Methods Study design: randomized, parallel‐group, controlled trial
Study site(s): multi‐center (2 sites)
Number randomized (total and per group): 90 eyes of 45 participants
Unit of randomization (individual or eye): individual
Exclusions after randomization: 1 participant withdrew because fish consumption exceeded the amount that was allowed; 1 participant enrolled in another study; 1 participant withdrew for health reasons; 1 participant withdrew because a rash developed
Losses to follow‐up: 3 participants
Number analyzed (total and per group): 38 participants in total; 19 participants in each intervention group
Unit of analysis (individual or eye): individual
Reported power calculation? (Y/N): Y (80% power)

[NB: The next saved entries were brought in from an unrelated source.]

lemma phi_comp:
  assumes "v \<in> OP (Suc n)" "in_D n h"
  shows "phi (Suc n) v (dadd h (if b then gen n else {||})) = phi n (comp b v) h"
proof -
  obtain v0 v1 where v: "v = Node v0 v1" using assms(1) by auto
  show ?thesis
  proof (cases b)
    case True
    have "\<not> in_D n (dadd h (gen n))"
      using assms(2) by (auto simp: in_D_def dadd_mem gen_def)
    moreover have "dadd (gen n) (dadd h (gen n)) = h"
      by (rule fset_eqI) (auto simp: dadd_mem)
    ultimately show ?thesis using True by (simp add: v phi_Node del: phi.simps)
  next
    case False
    then show ?thesis using assms(2) by (simp add: v phi_Node dadd_empty_right del: phi.simps)
  qed
qed

text \<open>Oriented with \<open>comp\<close> on the left: the defining equation of \<open>paths\<close> makes the simplifier loop.\<close>

lemma paths_iff:
  "x \<in> paths \<longleftrightarrow> (\<forall>n. fst x n \<in> OP n \<and> comp (snd x n) (fst x (Suc n)) = fst x n)"
  by (cases x) (simp only: paths_def mem_Collect_eq prod.case fst_conv snd_conv, metis)

lemma paths_OP: "x \<in> paths \<Longrightarrow> fst x n \<in> OP n"
  unfolding paths_iff by blast

lemma paths_comp: "x \<in> paths \<Longrightarrow> comp (snd x n) (fst x (Suc n)) = fst x n"
  unfolding paths_iff by blast

lemma phi_prefix_D_floor_indep:
  assumes x: "x \<in> paths" and g: "in_D n g" and "n \<le> N"
  shows "phi N (fst x N) (dadd g (prefix_D (snd x) N)) = phi n (fst x n) (dadd g (prefix_D (snd x) n))"
  using \<open>n \<le> N\<close>
proof (induction N rule: dec_induct)
  case (step m)
  have "in_D m (dadd g (prefix_D (snd x) m))"
    using g step(1) by (auto simp: in_D_def dadd_mem prefix_D_mem)
  then have "phi (Suc m) (fst x (Suc m)) (dadd g (prefix_D (snd x) (Suc m)))
      = phi m (comp (snd x m) (fst x (Suc m))) (dadd g (prefix_D (snd x) m))"
    unfolding prefix_D_Suc dadd_assoc[symmetric] by (rule phi_comp[OF paths_OP[OF x]])
  then show ?case using step(3) by (simp only: paths_comp[OF x])
qed simp

lemma Fmap_eq_phi:
  assumes x: "x \<in> paths" and g: "in_D N g" and "0 < N"
  shows "Fmap x g = phi N (fst x N) (dadd g (prefix_D (snd x) N))"
proof -
  define m where "m = Suc (Max (insert 0 (fset g)))"
  have "Max (insert 0 (fset g)) < N"
    using g \<open>0 < N\<close> by (auto simp: in_D_def)
  then have "m \<le> N" unfolding m_def by (rule Suc_leI)
  have "Fmap x g = phi m (fst x m) (dadd g (prefix_D (snd x) m))"
    unfolding Fmap_def prefix_D_def m_def by (simp add: Let_def)
  also have "\<dots> = phi N (fst x N) (dadd g (prefix_D (snd x) N))"
    by (rule phi_prefix_D_floor_indep[OF x _ \<open>m \<le> N\<close>, symmetric]) (simp add: m_def in_D_Max)
  finally show ?thesis .
qed

lemma phi_eq_Fmap:
  assumes x: "x \<in> paths" and h: "in_D N h" and "0 < N"
  shows "phi N (fst x N) h = Fmap x (dadd h (prefix_D (snd x) N))"
  using Fmap_eq_phi[OF x in_D_dadd_prefix_D[OF h] \<open>0 < N\<close>] by (simp add: dadd_cancel_right)

fun vertex_of :: "nat \<Rightarrow> (nat fset \<Rightarrow> bool) \<Rightarrow> optree" where
  "vertex_of 0 p = Leaf (p {||})"
| "vertex_of (Suc n) p = Node (vertex_of n p) (vertex_of n (\<lambda>h. p (dadd (gen n) h)))"

lemma vertex_of_OP: "vertex_of n p \<in> OP n"
  by (induction n arbitrary: p) auto

lemma phi_vertex_of: "in_D n h \<Longrightarrow> phi n (vertex_of n p) h = p h"
proof (induction n arbitrary: p h)
  case 0
  then have "h = {||}" by (auto simp: in_D_def)
  then show ?case by simp
next
  case (Suc n)
  then show ?case
    using in_D_Suc_cases[OF Suc.prems] by (simp add: phi_Node dadd_cancel_left del: phi.simps)
qed

lemma phi_inject:
  assumes "v \<in> OP n" "w \<in> OP n" "\<And>h. in_D n h \<Longrightarrow> phi n v h = phi n w h"
  shows "v = w"
  using assms
proof (induction n arbitrary: v w)
  case 0
  moreover have "in_D 0 {||}" by (simp add: in_D_def)
  ultimately show ?case by fastforce
next
  case (Suc n)
  then obtain v0 v1 w0 w1 where v: "v = Node v0 v1" and w: "w = Node w0 w1"
    and OP: "v0 \<in> OP n" "v1 \<in> OP n" "w0 \<in> OP n" "w1 \<in> OP n" by auto
  have "v0 = w0"
  proof (rule Suc.IH[OF OP(1,3)])
    fix h assume "in_D n h"
    then show "phi n v0 h = phi n w0 h"
      using Suc.prems(3)[of h] in_D_mono[of n h "Suc n"] by (simp add: v w phi_Node del: phi.simps)
  qed
  moreover have "v1 = w1"
  proof (rule Suc.IH[OF OP(2,4)])
    fix h assume "in_D n h"
    then show "phi n v1 h = phi n w1 h"
      using Suc.prems(3)[of "dadd (gen n) h"] in_D_dadd_gen
      by (simp add: v w phi_Node dadd_cancel_left del: phi.simps)
  qed
  ultimately show ?case by (simp add: v w)
qed

lemma inj_on_Psi_paths: "inj_on Psi paths"
proof (rule inj_onI)
  fix x y assume x: "x \<in> paths" and y: "y \<in> paths" and "Psi x = Psi y"
  then have F: "Fmap x = Fmap y" and A: "snd x = snd y"
    by (simp_all add: Psi_def Amap_def)
  have pos: "fst x N = fst y N" if "0 < N" for N
    by (rule phi_inject[OF paths_OP[OF x] paths_OP[OF y]])
      (simp add: phi_eq_Fmap[OF x _ that] phi_eq_Fmap[OF y _ that] F A)
  have "fst x N = fst y N" for N
    using pos paths_comp[OF x, of 0] paths_comp[OF y, of 0] A by (cases N) auto
  then show "x = y" using A by (simp add: prod_eq_iff fun_eq_iff)
qed

lemma image_Psi_paths: "Psi ` paths = UNIV"
proof -
  have "(f, a) \<in> Psi ` paths" for f a
  proof -
    define vs where "vs n = vertex_of n (\<lambda>h. f (dadd h (prefix_D a n)))" for n
    have x: "(vs, a) \<in> paths"
      unfolding paths_iff
    proof (intro allI conjI)
      fix n
      show "fst (vs, a) n \<in> OP n" by (simp add: vs_def vertex_of_OP)
      have "dadd (dadd (gen n) h) (dadd P (gen n)) = dadd h P" for h P
        by (rule fset_eqI) (auto simp: dadd_mem)
      then show "comp (snd (vs, a) n) (fst (vs, a) (Suc n)) = fst (vs, a) n"
        by (cases "a n") (simp_all add: vs_def prefix_D_Suc dadd_empty_right)
    qed
    have "Fmap (vs, a) g = f g" for g
    proof -
      define N where "N = Suc (Max (insert 0 (fset g)))"
      have g: "in_D N g" unfolding N_def by (rule in_D_Max)
      have "Fmap (vs, a) g = phi N (vs N) (dadd g (prefix_D a N))"
        using Fmap_eq_phi[OF x g] by (simp add: N_def)
      also have "\<dots> = f g"
        unfolding vs_def by (simp add: phi_vertex_of[OF in_D_dadd_prefix_D[OF g]] dadd_cancel_right)
      finally show ?thesis .
    qed
    then have "Psi (vs, a) = (f, a)" by (simp add: Psi_def Amap_def fun_eq_iff)
    then show ?thesis using x by (metis image_eqI)
  qed
  then show ?thesis by auto
qed

text \<open>Both the adic transformation and its inverse change a path only below some floor m+1.\<close>

definition reroute :: "nat \<Rightarrow> (nat \<Rightarrow> bool) \<Rightarrow> path \<Rightarrow> path" where
  "reroute m es x =
     ((\<lambda>k. if m < k then fst x k else descend es (Suc m) (fst x (Suc m)) (Suc m - k)), es)"

lemma adic_eq_reroute: "adic x = reroute (LEAST k. \<not> snd x k) (odometer (snd x)) x"
  unfolding adic_def reroute_def odometer_def Let_def ..

lemma reroute_reroute: "reroute m es (reroute m es' x) = reroute m es x"
  by (simp add: reroute_def fun_eq_iff)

Reported subgroup analysis? (Y/N): N
Participants Participant characteristics
Country: United States
Age (mean ± SE, range): 62 ± 1 years, range 52 to 70 years in the fatty acid treatment group; 61 ± 2 years, range 44 to 86 years in the control group
Gender: 45 women in total
Inclusion criteria: moderate to severe dry eye defined as:
1. TBUT ≤ 8 s in at least 1 eye
2. At least grade 1 fluorescein superficial punctate keratitis in at least 1 corneal quadrant or at least grade 1 conjunctival lissamine green staining in at least 1 eye
3. OSDI score ≥ 16
4. Willing to discontinue use of any current dry eye treatment (except Refresh artificial tears) for 4 weeks before randomization and during the course of the 6‐month study
5. Postmenopausal women aged 40 years and older; postmenopause is defined as the absence of menstrual period for at least 1 year, or surgical hysterectomy with bilateral oophorectomy no less than 6 months previously
6. If using transdermal, vaginal, or systemic estrogen, progesterone, or estrogen derivatives, must be on a stable dose for at least 90 days, and must be planning on staying on the same stable dose for the duration of the study
7. Signature on the written informed consent form
8. Patient motivation and willingness to cooperate with the investigator by following the required medication regimen
9. Patient willingness and ability to return for all visits during the study
Exclusion criteria:
1. Concurrent involvement in any other clinical trial involving an investigational drug or device
2. Compromised cognitive ability that may be expected to interfere with study compliance
3. Uncontrolled or poorly controlled systemic disease (eg, hypertension, diabetes) or the presence of any significant illness (eg, serious gastrointestinal, renal, hepatic, endocrine, pulmonary, cardiac, neurological disease, cancer, AIDS, or cerebral dysfunction) that could, in the judgement of the investigator, jeopardize subjects’ safety or interfere with interpretation of study results
4. Known hypersensitivity to any diagnostic components of the study or procedural drops or medications
5. Anticipated contact lens wear during the study
6. History of corneal transplant, active ocular infection, uveitis, or non‐KCS inflammation
7. History of recurrent herpes keratitis or active disease within the past 6 months
8. History of cataract surgery within 3 months before enrollment, history of ocular surface surgery (ie, refractive, laser in situ keratomileusis, pterygium) within 6 months before enrollment
9. Corneal disorder or abnormality that affects corneal sensitivity or normal spreading of the tear film except superficial punctate keratitis
10. Use of systemic cyclosporine within the previous 3 months. Initiation, discontinuation, or change in dosage of antihistamines, cholinergic agents, beta‐blocking agents, tricyclic or selective serotonin reuptake inhibitor antidepressants, phenothiazines, or topical or systemic acne rosacea medications in the 2 months before enrollment, or anticipated change in dosage during course of study
11. Topical ophthalmic medications within the previous 4 weeks or anticipated use of the same during the study (except artificial tears)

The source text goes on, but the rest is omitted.